TASK TO COMPLETE:
Every line in the records below with the string "text" needs to be copied out.

........

text \<open>Expanding the all-ones vector in the eigenbasis: its coefficients c i satisfy
  \<Sum> c i^2 = n and \<Sum> \<mu> i c i^2 = 1^T Q 1 = 4m, so the largest eigenvalue is at least 4m/n;
  in case of equality every c i with \<mu> i below the maximum vanishes, so the all-ones vector is
  an eigenvector and all row sums 2 d(j) of Q agree.\<close>
lemma largest_eigenvalue_bound:
  assumes n: "n > 0"
  obtains i0 where "i0 < n" "\<forall>i<n. \<mu> i \<le> \<mu> i0" "4 * real (num_edges n E) / real n \<le> \<mu> i0"
    "\<mu> i0 = 4 * real (num_edges n E) / real n \<Longrightarrow> \<forall>j<n. real (degree n E j) = 2 * real (num_edges n E) / real n"
proof -
  define c where "c i = (\<Sum>k<n. U k i)" for i
  define M where "M = Max (\<mu> ` {..<n})"
  have "M \<in> \<mu> ` {..<n}" unfolding M_def using n by (intro Max_in) auto
  then obtain i0 where i0: "i0 < n" "\<mu> i0 = M" by auto
  have M_ge: "\<mu> i \<le> M" if "i < n" for i unfolding M_def using that by (intro Max_ge) auto
  have c_norm: "(\<Sum>i<n. (c i)^2) = real n"
    using fmat_conj_diag_total_sum[of n U "\<lambda>_. 1"] unfolding fmat_conj_diag_one[OF orthogonal] c_def
    by (simp add: fmat_one_def)
  have c_row: "(\<Sum>i<n. U j i * c i) = 1" if "j < n" for j
    using fmat_conj_diag_row_sum[OF that, of U "\<lambda>_. 1"] that unfolding fmat_conj_diag_one[OF orthogonal] c_def
    by (simp add: fmat_one_def)
  have "(\<Sum>i<n. \<mu> i * (c i)^2) = 4 * real (num_edges n E)"
    using signless_laplacian_total_sum[OF graph] fmat_conj_diag_total_sum[of n U \<mu>] unfolding decomposition c_def by simp
  then have gap: "(\<Sum>i<n. (M - \<mu> i) * (c i)^2) = M * real n - 4 * real (num_edges n E)"
    using c_norm by (simp add: left_diff_distrib sum_subtractf sum_distrib_left[symmetric])
  moreover have gap_nonneg: "(\<Sum>i<n. (M - \<mu> i) * (c i)^2) \<ge> 0"
    using M_ge by (intro sum_nonneg) auto
  ultimately have "4 * real (num_edges n E) / real n \<le> M" using n by (simp add: field_simps)
  moreover have "\<forall>j<n. real (degree n E j) = 2 * real (num_edges n E) / real n"
    if M_eq: "M = 4 * real (num_edges n E) / real n"
  proof (intro allI impI)
    fix j assume j: "j < n"
    have zero: "(M - \<mu> i) * (c i)^2 = 0" if "i < n" for i
      using gap M_eq n sum_nonneg_eq_0_iff[of "{..<n}" "\<lambda>i. (M - \<mu> i) * (c i)^2"] M_ge that by auto
    then have "(\<Sum>i<n. \<mu> i * U j i * c i) = (\<Sum>i<n. M * (U j i * c i))"
    proof (intro sum.cong refl)
      fix i assume "i \<in> {..<n}"
      then have "\<mu> i = M \<or> c i = 0" using zero by fastforce
      then show "\<mu> i * U j i * c i = M * (U j i * c i)" by auto
    qed
    also have "\<dots> = M" using c_row[OF j] by (simp add: sum_distrib_left[symmetric])
    finally have "(\<Sum>k<n. signless_laplacian_fmat n E j k) = M"
      unfolding decomposition fmat_conj_diag_row_sum[OF j] c_def[symmetric] .
    then show "real (degree n E j) = 2 * real (num_edges n E) / real n"
      using signless_laplacian_row_sum[OF j] M_eq by simp
  qed
  ultimately show thesis using that i0 M_ge by simp
qed

lemma regular_adjacency_conj_diag:
  assumes reg: "\<forall>j<n. degree n E j = r"
  shows "adjacency_fmat n E = fmat_conj_diag n U (\<lambda>i. \<mu> i - real r)"
proof (intro ext)
  fix j k
  show "adjacency_fmat n E j k = fmat_conj_diag n U (\<lambda>i. \<mu> i - real r) j k"
  proof (cases "j < n \<and> k < n")
    case True
    then show ?thesis
      using reg by (auto simp: fmat_conj_diag_shift[OF orthogonal] decomposition[symmetric] signless_laplacian_fmat_def
          adjacency_fmat_def)
  next
    case False
    then show ?thesis
      using fmat_on_mult unfolding fmat_conj_diag_def fmat_on_def adjacency_fmat_def by auto
  qed
qed

text \<open>A^2 = (r - a) I + a J and A 1 = r 1: an eigenvector of A orthogonal to 1 has
  (\<mu> - r)^2 = r - a, and one not orthogonal to 1 has \<mu> - r = r.\<close>
lemma strongly_regular_eigenvalues:
  assumes S: "is_S n E r" and i: "i < n"
  shows "(\<mu> i - real r)^2 = (real r)^2 \<or>
         (\<mu> i - real r)^2 = real r - real r * (real r - 1) / (real n - 1)"
proof -
  define a where "a = real r * (real r - 1) / (real n - 1)"
  define A where "A = adjacency_fmat n E"
  define \<sigma> where "\<sigma> = (\<Sum>k<n. U k i)"
  have reg: "\<forall>j<n. degree n E j = r" using S unfolding is_S_def strongly_regular_def by auto
  have A: "A = fmat_conj_diag n U (\<lambda>i. \<mu> i - real r)"
    unfolding A_def by (rule regular_adjacency_conj_diag[OF reg])
  have A2: "fmat_mult n A A = fmat_conj_diag n U (\<lambda>i. (\<mu> i - real r) * (\<mu> i - real r))"
    unfolding A by (rule fmat_conj_diag_mult[OF orthogonal])
  have A2_entry: "fmat_mult n A A j k = (if j = k then real r - a else 0) + a" if "j < n" "k < n" for j k
    using S that adjacency_fmat_square_entry[OF graph that] unfolding A_def is_S_def strongly_regular_def a_def
    by (cases "E j k") auto
  have "(\<mu> i - real r) * \<sigma> = (\<Sum>j<n. \<Sum>k<n. A j k * U k i)"
    using fmat_conj_diag_eigen_column[OF orthogonal i] unfolding A \<sigma>_def by (simp add: sum_distrib_left)
  also have "\<dots> = (\<Sum>k<n. (\<Sum>j<n. A k j) * U k i)"
    by (subst sum.swap) (simp add: sum_distrib_right adjacency_fmat_symmetric[OF graph] A_def)
  also have "\<dots> = real r * \<sigma>"
    unfolding \<sigma>_def A_def by (simp add: adjacency_fmat_row_sum reg sum_distrib_left)
  finally have "(\<mu> i - 2 * real r) * \<sigma> = 0" by (simp add: algebra_simps)
  moreover have "(\<mu> i - real r)^2 * U j i = (real r - a) * U j i + a * \<sigma>" if j: "j < n" for j
  proof -
    have "(\<mu> i - real r)^2 * U j i = (\<Sum>k<n. fmat_mult n A A j k * U k i)"
      using fmat_conj_diag_eigen_column[OF orthogonal i j] unfolding A2 by (simp add: power2_eq_square)
    also have "\<dots> = (\<Sum>k<n. (if k = j then (real r - a) * U k i else 0) + a * U k i)"
      using j by (intro sum.cong) (auto simp: A2_entry algebra_simps)
    finally show ?thesis using j unfolding \<sigma>_def by (simp add: sum.distrib sum_distrib_left)
  qed
  moreover obtain j where "j < n" "U j i \<noteq> 0"
    using orthogonal_fmat_columns[OF orthogonal i i] by (metis (no_types, lifting) mult_zero_left sum.neutral zero_neq_one lessThan_iff)
  ultimately show ?thesis unfolding a_def by (cases "\<sigma> = 0") (auto simp: power2_eq_square)
qed
lemma dense_exists_increasing_subset:
  assumes X: "X \<in> S" "X \<subseteq> QM M" "dloM M X"
  shows "\<exists>T\<in>S. T \<subseteq> X \<and> infiniteM M T \<and> (\<forall>x\<in>T. \<forall>y\<in>T. qltM M x y \<longrightarrow> x \<prec> y)"
proof (intro bexI conjI)
  let ?T = "records qlt_pairs X"
  obtain x0 where "x0 \<in> X"
    using X(3) unfolding dloM_def by blast
  then show "infiniteM M ?T"
    using exists_record_above[OF qlt_pairs_in X(1) _ qlt_pairs_order[OF X(2)] dloM_no_max_qlt_pairs[OF X(2,3)]]
    unfolding infiniteM_def by blast
  have "rel_of qlt_pairs x y" if "x \<in> ?T" "y \<in> ?T" "qltM M x y" for x y
    using that records_subset X(2) rel_of_qlt_pairs QM_in_N by blast
  then show "\<forall>x\<in>?T. \<forall>y\<in>?T. qltM M x y \<longrightarrow> x \<prec> y"
    using rel_of_records_imp_less[OF qlt_pairs_order(1,2)[OF X(2)]] by blast
qed (use records_in[OF qlt_pairs_in X(1)] records_subset in auto)

lemma dense_exists_decreasing_subset:
  assumes X: "X \<in> S" "X \<subseteq> QM M" "dloM M X"
  shows "\<exists>T\<in>S. T \<subseteq> X \<and> infiniteM M T \<and> (\<forall>x\<in>T. \<forall>y\<in>T. qltM M x y \<longrightarrow> y \<prec> x)"
proof (intro bexI conjI)
  let ?T = "records qgt_pairs X"
  obtain x0 where "x0 \<in> X"
    using X(3) unfolding dloM_def by blast
  then show "infiniteM M ?T"
    using exists_record_above[OF qgt_pairs_in X(1) _ qgt_pairs_order[OF X(2)] dloM_no_max_qgt_pairs[OF X(2,3)]]
    unfolding infiniteM_def by blast
  have "rel_of qgt_pairs y x" if "x \<in> ?T" "y \<in> ?T" "qltM M x y" for x y
    using that records_subset X(2) rel_of_qgt_pairs QM_in_N by blast
  then show "\<forall>x\<in>?T. \<forall>y\<in>?T. qltM M x y \<longrightarrow> y \<prec> x"
    using rel_of_records_imp_less[OF qgt_pairs_order(1,2)[OF X(2)]] by blast
qed (use records_in[OF qgt_pairs_in X(1)] records_subset in auto)

section \<open>From two colours to four\<close>

definition split_colouring :: "'a set \<Rightarrow> 'a set" where
  "split_colouring F = {p \<in> N. \<exists>x\<in>N. \<exists>y\<in>N. \<exists>c\<in>N. p = \<langle>\<langle>x,y\<rangle>,c\<rangle> \<and>
     ((x \<prec> y \<and> p \<in> F) \<or> (\<not> x \<prec> y \<and> (\<exists>c0\<in>N. c = c0 \<oplus> \<one> \<oplus> \<one> \<and> \<langle>\<langle>x,y\<rangle>,c0\<rangle> \<in> F)))}"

........

WRITTEN REPLY:
text \<open>Expanding the all-ones vector in the eigenbasis: its coefficients c i satisfy
text \<open>A^2 = (r - a) I + a J and A 1 = r 1: an eigenvector of A orthogonal to 1 has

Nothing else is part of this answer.